In structural biology, a protein subunit or subunit protein is a single protein molecule that assembles (or "coassembles") with other protein molecules to form a protein complex: a multimeric or oligomeric protein. Many naturally-occurring proteins and enzymes are multimeric. Examples include: oligomeric: hemoglobin, DNA polymerase, nucleosomes and multimeric: ion channels, microtubules and other cytoskeloton proteins. The subunits of a multimeric protein may be identical, homologous or totally dissimilar and dedicated to disparate tasks. In some protein assemblies, one subunit may be referred to as a "regulatory subunit" and another as a "catalytic subunit." An enzyme composed of both regulatory and catalytic subunits when assembled is often referred to as a holoenzyme. One subunit is made of one polypeptide chain. A polypeptide chain has one gene coding for it - meaning that a protein must have one gene for each unique subunit.

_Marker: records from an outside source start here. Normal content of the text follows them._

lemma bounded_linear_endo_apply: "bounded_linear (\<lambda>X::'n::finite endo. endo_apply X v)"
proof -
  have "bounded_linear (Rep_endo :: 'n endo \<Rightarrow> _)"
    by (rule bounded_linear_intro[of _ 1]) (auto simp: plus_endo.rep_eq scaleR_endo.rep_eq norm_endo.rep_eq)
  then show ?thesis
    unfolding endo_apply_def by (rule bounded_linear_compose[OF blinfun.bounded_linear_left])
qed

lemma endo_apply_linear: "linear (endo_apply X)"
  unfolding endo_apply_def by (rule bounded_linear.linear[OF blinfun.bounded_linear_right])

lemma exp_endo_entry_sums:
  "(\<lambda>n. t ^ n / fact n * mpow A n $ a $ b) sums endo_apply (exp (t *\<^sub>R endo_of_matrix A)) (axis b 1) $ a"
proof -
  let ?\<psi> = "\<lambda>X. endo_apply X (axis b 1) $ a"
  have bl: "bounded_linear ?\<psi>"
    by (rule bounded_linear_compose[OF bounded_linear_vec_nth bounded_linear_endo_apply])
  have "(\<lambda>n. ?\<psi> ((t *\<^sub>R endo_of_matrix A) ^ n /\<^sub>R fact n)) sums ?\<psi> (exp (t *\<^sub>R endo_of_matrix A))"
    by (rule bounded_linear.sums[OF bl exp_converges])
  moreover have "?\<psi> ((t *\<^sub>R endo_of_matrix A) ^ n /\<^sub>R fact n) = t ^ n / fact n * mpow A n $ a $ b" for n
    using real_vector.linear_scale[OF bounded_linear.linear[OF bl]]
    by (simp add: endo_apply_power matrix_vector_mult_basis column_def field_simps)
  ultimately show ?thesis by simp
qed

lemma mexp_entry: "mexp t A $ a $ b = endo_apply (exp (t *\<^sub>R endo_of_matrix A)) (axis b 1) $ a"
  unfolding mexp_def using sums_unique[OF exp_endo_entry_sums[of t A a b]] by simp

lemma mexp_entry_sums: "(\<lambda>n. t ^ n / fact n * mpow A n $ a $ b) sums mexp t A $ a $ b"
  unfolding mexp_entry by (rule exp_endo_entry_sums)

lemma mexp_mult_vec: "mexp t A *v v = endo_apply (exp (t *\<^sub>R endo_of_matrix A)) v"
proof -
  let ?E = "endo_apply (exp (t *\<^sub>R endo_of_matrix A))"
  have "?E v = ?E (\<Sum>b\<in>UNIV. v $ b *\<^sub>R axis b 1)"
    using basis_expansion[of v] by (simp add: scalar_mult_eq_scaleR)
  also have "\<dots> = (\<Sum>b\<in>UNIV. v $ b *\<^sub>R ?E (axis b 1))"
    by (simp add: linear_sum[OF endo_apply_linear] linear_scale[OF endo_apply_linear])
  finally show ?thesis
    by (simp add: vec_eq_iff matrix_vector_mult_def mexp_entry sum_component mult.commute)
qed

lemma mexp_zero [simp]: "mexp 0 A = mat 1"
  by (simp add: matrix_eq mexp_mult_vec)

lemma mexp_add: "mexp (s + t) A = mexp s A ** mexp t A"
  by (simp add: matrix_eq mexp_mult_vec scaleR_add_left exp_add_commuting flip: matrix_vector_mul_assoc)

lemma mexp_commute: "A *v (mexp t A *v v) = mexp t A *v (A *v v)"
proof -
  have "endo_of_matrix A * exp (t *\<^sub>R endo_of_matrix A) = exp (t *\<^sub>R endo_of_matrix A) * endo_of_matrix A"
    by (simp add: exp_times_scaleR_commute)
  then have "endo_apply (endo_of_matrix A * exp (t *\<^sub>R endo_of_matrix A)) v
      = endo_apply (exp (t *\<^sub>R endo_of_matrix A) * endo_of_matrix A) v"
    by simp
  then show ?thesis
    by (simp add: mexp_mult_vec)
qed

lemma mexp_has_vector_derivative:
  "((\<lambda>t. mexp t A *v v) has_vector_derivative A *v (mexp t A *v v)) (at t within S)"
proof -
  have "((\<lambda>t. exp (t *\<^sub>R endo_of_matrix A)) has_vector_derivative
      endo_of_matrix A * exp (t *\<^sub>R endo_of_matrix A)) (at t within S)"
    using exp_scaleR_has_vector_derivative_right[of "endo_of_matrix A" t S]
    by (simp add: exp_times_scaleR_commute)
  from bounded_linear.has_vector_derivative[OF bounded_linear_endo_apply this]
  show ?thesis by (simp add: mexp_mult_vec)
qed

lemma mexp_add_scalar: "mexp t (A + c *\<^sub>R mat 1) = exp (t * c) *\<^sub>R mexp t A"
proof -
  let ?B = "endo_of_matrix A" and ?e = "\<lambda>r. r *\<^sub>R (1 :: 'a endo)"
  have "endo_of_matrix (A + c *\<^sub>R mat 1) = ?B + ?e c"
    by (rule endo_eqI) (simp add: matrix_vector_mult_add_rdistrib flip: scaleR_matrix_vector_assoc)
  then have "t *\<^sub>R endo_of_matrix (A + c *\<^sub>R mat 1) = t *\<^sub>R ?B + ?e (t * c)"
    by (simp add: scaleR_add_right)
  then have "exp (t *\<^sub>R endo_of_matrix (A + c *\<^sub>R mat 1)) = exp (t *\<^sub>R ?B) * exp (?e (t * c))"
    by (simp add: exp_add_commuting)
  also have "exp (?e (t * c)) = ?e (exp (t * c))"
    using exp_of_real[of "t * c"] by (simp add: of_real_def)
  finally show ?thesis
    by (simp add: matrix_eq mexp_mult_vec flip: scaleR_matrix_vector_assoc)
qed
lemma sink_seq_inj:
  assumes "2 * K < h" shows "inj_on (sink_seq h K) (partitions K)"
proof
  fix xs ys assume xs: "xs \<in> partitions K" and ys: "ys \<in> partitions K"
    and eq: "sink_seq h K xs = sink_seq h K ys"
  interpret X: two_cliques h K xs using two_cliques_partition[OF assms xs] .
  interpret Y: two_cliques h K ys using two_cliques_partition[OF assms ys] .
  have "length xs = length ys"
    using X.sink_seq_large_terms Y.sink_seq_large_terms eq by simp
  then have "drop (2*h - length xs) (sink_seq h K xs) = drop (2*h - length ys) (sink_seq h K ys)"
    using eq by simp
  then have "map (\<lambda>x. h - 1 + x) xs = map (\<lambda>x. h - 1 + x) ys"
    by (simp only: X.sink_seq_tail Y.sink_seq_tail)
  then show "xs = ys" by (simp add: inj_map_eq_map inj_def)
qed

lemma sink_seq_in_sinks:
  assumes "1 \<le> K" "2 * K < h" "xs \<in> partitions K"
  shows "sink_seq h K xs \<in> sinks (k_edge_connected (K + 1)) (2*h)"
proof -
  interpret two_cliques h K xs using two_cliques_partition assms by blast
  let ?d = "sink_seq h K xs"
  have graph: "graphical (2*h) ?d"
    using sink_seq_length realizes_sink_graph sink_seq_sorted assms(3)
    by (auto simp: graphical_def partitions_def)
  have not_forced: "\<not> forcibly (k_edge_connected (K + 1)) ?d"
    using realizes_sink_graph sink_graph_not_edge_connected sink_seq_length
    by (auto simp: forcibly_def)
  have "d' = ?d" if gr: "graphical (2*h) d'" and nf: "\<not> forcibly (k_edge_connected (K + 1)) d'"
    and maj: "majorizes d' ?d" for d'
  proof -
    obtain E where E: "realizes E d'" "\<not> k_edge_connected (K + 1) (2*h) E"
      using gr nf by (auto simp: forcibly_def graphical_def)
    then obtain F where "F \<subseteq> E" "card F \<le> K" "\<not> connected_graph (2*h) (E - F)"
      unfolding k_edge_connected_def by auto
    then show ?thesis using E(1)
      using majorizing_cuttable_eq[of "2*h" h K ?d] assms(1,2) maj
        sink_seq_length sink_seq_lower sink_seq_sum by simp
  qed
  then show ?thesis using graph not_forced by (auto simp: sinks_def)
qed

theorem theorem3p1p3:
  fixes k n :: nat
  assumes "k \<ge> 2" and "even n" and "n \<ge> 4 * k - 2"
  shows "card (sinks (k_edge_connected k) n) \<ge> partition_count (k - 1)"
proof -
  define h K where "h = n div 2" and "K = k - 1"
  have n: "n = 2 * h" and k: "k = K + 1" and K: "1 \<le> K" "2 * K < h"
    using assms by (auto simp: h_def K_def)
  have "sink_seq h K ` partitions K \<subseteq> sinks (k_edge_connected k) n"
    using sink_seq_in_sinks[OF K] n k by blast
  then have "card (partitions K) \<le> card (sinks (k_edge_connected k) n)"
    using card_inj_on_le[OF sink_seq_inj[OF K(2)] _ sinks_finite] by blast
  then show ?thesis by (simp add: partition_count_def partitions_def K_def)
qed

end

A subunit is often named with a Greek or Roman letter, and the numbers of this type of subunit in a protein is indicated by a subscript. For example, ATP synthase has a type of subunit called α. Three of these are present in the ATP synthase molecule, and is therefore designated α3. Larger groups of subunits can also the specified, like α3β3-hexamer and c-ring.

Vaccines

A "subunit vaccine" presents an antigen to the immune system without introducing viral particles, whole or otherwise. One method of production involves isolation of a specific protein from a virus and administering this by itself. A weakness of this technique is that isolated proteins can be denatured and will then bind to different antibodies than the proteins in the virus. A second method of subunit vaccine is the recombinant vaccine, which involves putting a protein gene from the targeted virus into another virus. The second virus will express the protein, but will not present a risk to the patient. This is the type of vaccine currently in use for hepatitis, and it is experimentally popular, being used to try to develop new vaccines for difficult to vaccinate viruses such as Ebola and HIV.[1]